Alvin York's true life refusal to cash in on his heroics stands out in our age of democratized morality and libertydoing as one pleases. Thus, Private Jessica Lynch sells her story to television and General Tommy Franks, quickly retired, collects up to $50,000 per speech for recounting the sacrifices of his soldiers. And, though they are hardly heroes, ex-presidents, breaking a tradition that lasted through Nixon and Ford, make money off their public service, millions for the last president. Few among the public think to question the practice. After all, what right has one to be judgmental?
What Alvin York did raise money for after the war was the Alvin C. York Institute, a school for poor Tennessee children. He declined movie offers for his story for the reason he gave Congressman Hull and because his church taught that movies were sinful. But in the late 1930s, he finally acceded to the pleas of the Warner Brothers studio, deciding his royalties would finance an interdenominational Bible school. After Pearl Harbor, he attempted to re-enlist in the infantry, but at age 54, he was of course too old. In 1951, the Internal Revenue Service accused him of tax evasion in connection with the donation of his film royalties to the Bible school. Virtually destitute, he fought the IRS for the next decade, until the IRS accepted a settlement with funds raised by House Speaker Sam Rayburn and after intervention by President Kennedy. York died on September 2, 1964 and was buried in his home town with full military honors.

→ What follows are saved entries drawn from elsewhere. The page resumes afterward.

section \<open>Values of words in the wreath product\<close>

lemma group_wreath_prod:
  assumes B: "group B" and H: "group H"
  shows "group (wreath_prod B H)"
proof -
  interpret B: group B by fact
  interpret H: group H by fact
  show ?thesis
  proof (rule groupI)
    fix x y assume "x \<in> carrier (wreath_prod B H)" "y \<in> carrier (wreath_prod B H)"
    then show "x \<otimes>\<^bsub>wreath_prod B H\<^esub> y \<in> carrier (wreath_prod B H)"
      by (cases x; cases y) (auto simp: wreath_prod_def PiE_iff)
  next
    show "\<one>\<^bsub>wreath_prod B H\<^esub> \<in> carrier (wreath_prod B H)"
      by (auto simp: wreath_prod_def)
  next
    fix x y z assume "x \<in> carrier (wreath_prod B H)" "y \<in> carrier (wreath_prod B H)"
      "z \<in> carrier (wreath_prod B H)"
    then show "x \<otimes>\<^bsub>wreath_prod B H\<^esub> y \<otimes>\<^bsub>wreath_prod B H\<^esub> z =
         x \<otimes>\<^bsub>wreath_prod B H\<^esub> (y \<otimes>\<^bsub>wreath_prod B H\<^esub> z)"
      by (cases x; cases y; cases z)
        (auto simp: wreath_prod_def PiE_iff H.m_assoc B.m_assoc H.inv_mult_group intro!: restrict_ext)
  next
    fix x assume "x \<in> carrier (wreath_prod B H)"
    then show "\<one>\<^bsub>wreath_prod B H\<^esub> \<otimes>\<^bsub>wreath_prod B H\<^esub> x = x"
      by (cases x) (auto simp: wreath_prod_def PiE_iff intro!: extensionalityI[where A="carrier H"])
  next
    fix x assume "x \<in> carrier (wreath_prod B H)"
    then obtain f h where x: "x = (f, h)" "f \<in> carrier H \<rightarrow>\<^sub>E carrier B" "h \<in> carrier H"
      by (cases x) (auto simp: wreath_prod_def)
    let ?y = "(restrict (\<lambda>y. inv\<^bsub>B\<^esub> f (h \<otimes>\<^bsub>H\<^esub> y)) (carrier H), inv\<^bsub>H\<^esub> h)"
    have "?y \<in> carrier (wreath_prod B H)" "?y \<otimes>\<^bsub>wreath_prod B H\<^esub> x = \<one>\<^bsub>wreath_prod B H\<^esub>"
      using x by (auto simp: wreath_prod_def PiE_iff H.m_assoc[symmetric] intro!: restrict_ext)
    then show "\<exists>y\<in>carrier (wreath_prod B H). y \<otimes>\<^bsub>wreath_prod B H\<^esub> x = \<one>\<^bsub>wreath_prod B H\<^esub>"
      by blast
  qed
qed

definition letter_top :: "('h, 'd) monoid_scheme \<Rightarrow> 'h list \<Rightarrow> nat \<times> bool \<Rightarrow> 'h" where
  "letter_top H xs l =
     (if fst l < length xs then (if snd l then xs ! fst l else inv\<^bsub>H\<^esub> (xs ! fst l)) else \<one>\<^bsub>H\<^esub>)"

definition letter_base :: "('b, 'c) monoid_scheme \<Rightarrow> ('h, 'd) monoid_scheme \<Rightarrow> 'h list
    \<Rightarrow> 'b \<Rightarrow> 'b \<Rightarrow> 'h set \<Rightarrow> nat \<times> bool \<Rightarrow> 'h \<Rightarrow> 'b" where
  "letter_base B H xs a b Z l y =
     (if fst l < length xs then \<one>\<^bsub>B\<^esub>
      else if fst l = length xs then
        (if y = \<one>\<^bsub>H\<^esub> then (if snd l then a else inv\<^bsub>B\<^esub> a) else \<one>\<^bsub>B\<^esub>)
      else (if y \<in> Z then (if snd l then b else inv\<^bsub>B\<^esub> b) else \<one>\<^bsub>B\<^esub>))"

fun word_top :: "('h, 'd) monoid_scheme \<Rightarrow> 'h list \<Rightarrow> (nat \<times> bool) list \<Rightarrow> 'h" where
  "word_top H xs [] = \<one>\<^bsub>H\<^esub>"
| "word_top H xs (l # w) = letter_top H xs l \<otimes>\<^bsub>H\<^esub> word_top H xs w"

fun word_base :: "('b, 'c) monoid_scheme \<Rightarrow> ('h, 'd) monoid_scheme \<Rightarrow> 'h list
    \<Rightarrow> 'b \<Rightarrow> 'b \<Rightarrow> 'h set \<Rightarrow> (nat \<times> bool) list \<Rightarrow> 'h \<Rightarrow> 'b" where
  "word_base B H xs a b Z [] x = \<one>\<^bsub>B\<^esub>"
| "word_base B H xs a b Z (l # w) x =
     letter_base B H xs a b Z l x \<otimes>\<^bsub>B\<^esub>
     word_base B H xs a b Z w (inv\<^bsub>H\<^esub> letter_top H xs l \<otimes>\<^bsub>H\<^esub> x)"

lemma letter_top_closed:
  assumes "group H" "set xs \<subseteq> carrier H"
  shows "letter_top H xs l \<in> carrier H"
proof -
  interpret H: group H by fact
  show ?thesis using assms(2) nth_mem by (fastforce simp: letter_top_def)
qed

Alvin York was a 20th century Daniel Boone: a man from the hinterland who wanted just to live his life by his own wits, but who found himself, like the Western heroes of myth, reluctantly compelled to wield his ability with a gun in defense of his people. His work done, he went back home. How many schoolchildren today are taught the story of Alvin York?
Readers who saw my review of "The Passion of the Christ" may be interested to know that another film I discussed, the 1961 "King of Kings," can be seen on Turner Classic Movies Easter Sunday, April 11th, at 11.30 a.m. The superb silent "King of Kings," directed by Cecil B. DeMille, is on TCM later that evening at midnight. The aesthetic of these movies is quite different from "The Passion."